@mcp-accelerator/middleware-resilience
v1.0.0
Published
Resilience middleware (circuit breaker, timeout, retry) for MCP Accelerator
Maintainers
Readme
@mcp-accelerator/middleware-resilience
Resilience patterns (circuit breaker, timeout, retry, bulkhead) for MCP Accelerator.
Installation
npm install @mcp-accelerator/core @mcp-accelerator/middleware-resilienceFeatures
- ✅ Circuit Breaker - Prevent cascading failures
- ✅ Timeout - Automatic request cancellation
- ✅ Retry - Exponential backoff retry logic
- ✅ Bulkhead - Limit concurrent executions
Quick Start
import { MCPServer } from '@mcp-accelerator/core';
import {
createCircuitBreakerMiddleware,
createTimeoutMiddleware,
createRetryMiddleware,
createBulkheadMiddleware,
} from '@mcp-accelerator/middleware-resilience';
const server = new MCPServer({ name: 'resilient-server', version: '1.0.0' });
// Add resilience layers
server.registerMiddleware(createTimeoutMiddleware({ timeout: 30000 }));
server.registerMiddleware(createCircuitBreakerMiddleware({ failureThreshold: 5 }));
server.registerMiddleware(createRetryMiddleware({ maxAttempts: 3 }));
server.registerMiddleware(createBulkheadMiddleware({ maxConcurrent: 10 }));
await server.start();Circuit Breaker
Stops requests when error rate is too high to prevent cascading failures.
Usage
server.registerMiddleware(createCircuitBreakerMiddleware({
failureThreshold: 5, // Open after 5 failures
successThreshold: 3, // Close after 3 successes in half-open
timeout: 60000, // Try half-open after 1 minute
onOpen: () => console.log('Circuit opened!'),
onClose: () => console.log('Circuit closed!'),
}));States
- Closed: Normal operation
- Open: All requests immediately fail (after threshold)
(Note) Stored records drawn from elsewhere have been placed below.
lemma pushforward_homotopic_close_gaps:
  assumes "k \<le> 2 * M"
  shows "pushforward_homotopic id (close_gaps r k)"
  using assms
proof (induction k)
  case 0
  have "pushforward_homotopic id r"
    using r_Str_bb Str_bb_subset_P r_mono r_le
    by (intro pushforward_homotopic_if_le) (auto simp: le_eq_str_le monotone_on_def)
  then show ?case by (simp only: close_gaps.simps)
next
  case (Suc k)
  have k: "1 \<le> Suc k" "Suc k \<le> 2 * M" using Suc.prems by auto
  note Hk = close_gaps_in_alt_prefix_mono[of k] and HSk = close_gaps_in_alt_prefix_mono[of "Suc k"]
  note homotopic = pushforward_homotopic_if_le[unfolded le_eq_str_le]
  let ?E = "erase_gap (Suc k) \<circ> close_gaps r k"
  have E: "?E ` P \<subseteq> P" "monotone_on P str_le str_le ?E"
  proof -
    show "?E ` P \<subseteq> P"
      using Hk Suc.prems erase_gap_in_Str_bb[OF _ k] Str_bb_subset_P by auto
    show "monotone_on P str_le str_le ?E"
    proof (rule monotone_onI)
      fix x y assume "x \<in> P" "y \<in> P" "str_le x y"
      then show "str_le (?E x) (?E y)"
        using Hk Suc.prems erase_gap_mono[OF _ _ k] by (simp add: monotone_on_def)
    qed
  qed
  have "pushforward_homotopic ?E (close_gaps r k)"
  proof (rule homotopic[OF _ _ E])
    show "close_gaps r k ` P \<subseteq> P" using Hk Suc.prems Str_bb_subset_P by (auto simp: alt_prefix_def)
  qed (use Hk Suc.prems str_le_erase_gap[OF _ k] in auto)
  moreover have "pushforward_homotopic ?E (close_gaps r (Suc k))"
  proof (rule homotopic[OF _ _ E])
    show "close_gaps r (Suc k) ` P \<subseteq> P"
      using HSk Suc.prems Str_bb_subset_P by (auto simp: alt_prefix_def)
  qed (use HSk Hk Suc.prems close_gap_str_le_erase_gap[OF _ k] in auto)
  moreover have "pushforward_homotopic id (close_gaps r k)"
    using Suc.IH Suc.prems by (metis Suc_leD)
  ultimately show ?case
    by (meson homotopic_with_symD homotopic_with_trans)
qed

theorem contractible_realization: "contractible (order_complex_realization P str_less)"
proof (cases "P = {}")
  case True
  then show ?thesis by (simp add: order_complex_realization_def)
next
  case False
  then obtain s0 where "s0 \<in> P" by blast
  then have "close_gaps r (2 * M) s = close_gaps r (2 * M) s0" if "s \<in> P" for s
    using alt_prefix_final_unique close_gaps_in_alt_prefix_mono[of "2 * M"] that by simp
  then show ?thesis
    using contractible_if_pushforward_homotopic_const pushforward_homotopic_close_gaps by blast
qed

end

end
- Half-Open: Test with limited requests (after timeout)
Example
// Service with circuit breaker
server.registerMiddleware(createCircuitBreakerMiddleware({
failureThreshold: 5,
timeout: 60000,
}));
// After 5 consecutive failures:
// ❌ Error: Circuit breaker is open. Retry after 60s
// After timeout, circuit goes to half-open
// ✓ Next 3 successful requests close the circuitTimeout
Automatically cancels requests that take too long.
Usage
server.registerMiddleware(createTimeoutMiddleware({
timeout: 30000, // 30 seconds default
toolTimeouts: {
'expensive-operation': 120000, // 2 minutes for specific tools
'quick-check': 5000, // 5 seconds for fast tools
}
}));Per-Tool Timeouts
server.registerMiddleware(createTimeoutMiddleware({
timeout: 30000,
toolTimeouts: {
'generate-report': 300000, // 5 minutes
'send-email': 10000, // 10 seconds
}
}));Retry
Automatically retries failed requests with exponential backoff.
Usage
server.registerMiddleware(createRetryMiddleware({
maxAttempts: 3, // Try 3 times total
initialDelay: 1000, // Start with 1s delay
maxDelay: 30000, // Cap at 30s
backoffMultiplier: 2, // Double each time (1s, 2s, 4s, ...)
retryIf: (error) => {
// Only retry on specific errors
return error.code === 'ECONNRESET' || error.code === 'ETIMEDOUT';
},
onRetry: (attempt, error) => {
console.log(`Retry attempt ${attempt}:`, error.message);
},
}));Retry Strategy
Attempt 1: Immediate
Attempt 2: Wait 1s
Attempt 3: Wait 2s
Attempt 4: Wait 4s
...
Max delay: 30sConditional Retry
server.registerMiddleware(createRetryMiddleware({
maxAttempts: 5,
retryIf: (error) => {
// Retry on network errors
if (error.code === 'ECONNRESET') return true;
if (error.code === 'ETIMEDOUT') return true;
// Don't retry on validation errors
if (error.message.includes('Invalid')) return false;
// Don't retry on auth errors
if (error.message.includes('Unauthorized')) return false;
return false;
},
}));Bulkhead
Limits concurrent executions to prevent resource exhaustion.
Usage
server.registerMiddleware(createBulkheadMiddleware({
maxConcurrent: 10, // Max 10 concurrent requests
maxQueue: 100, // Queue up to 100 waiting requests
rejectOnQueueFull: true, // Reject when queue is full
queueTimeout: 5000, // Timeout for queued requests
}));How It Works
[Request 1] ──> [Processing] ──> [Complete]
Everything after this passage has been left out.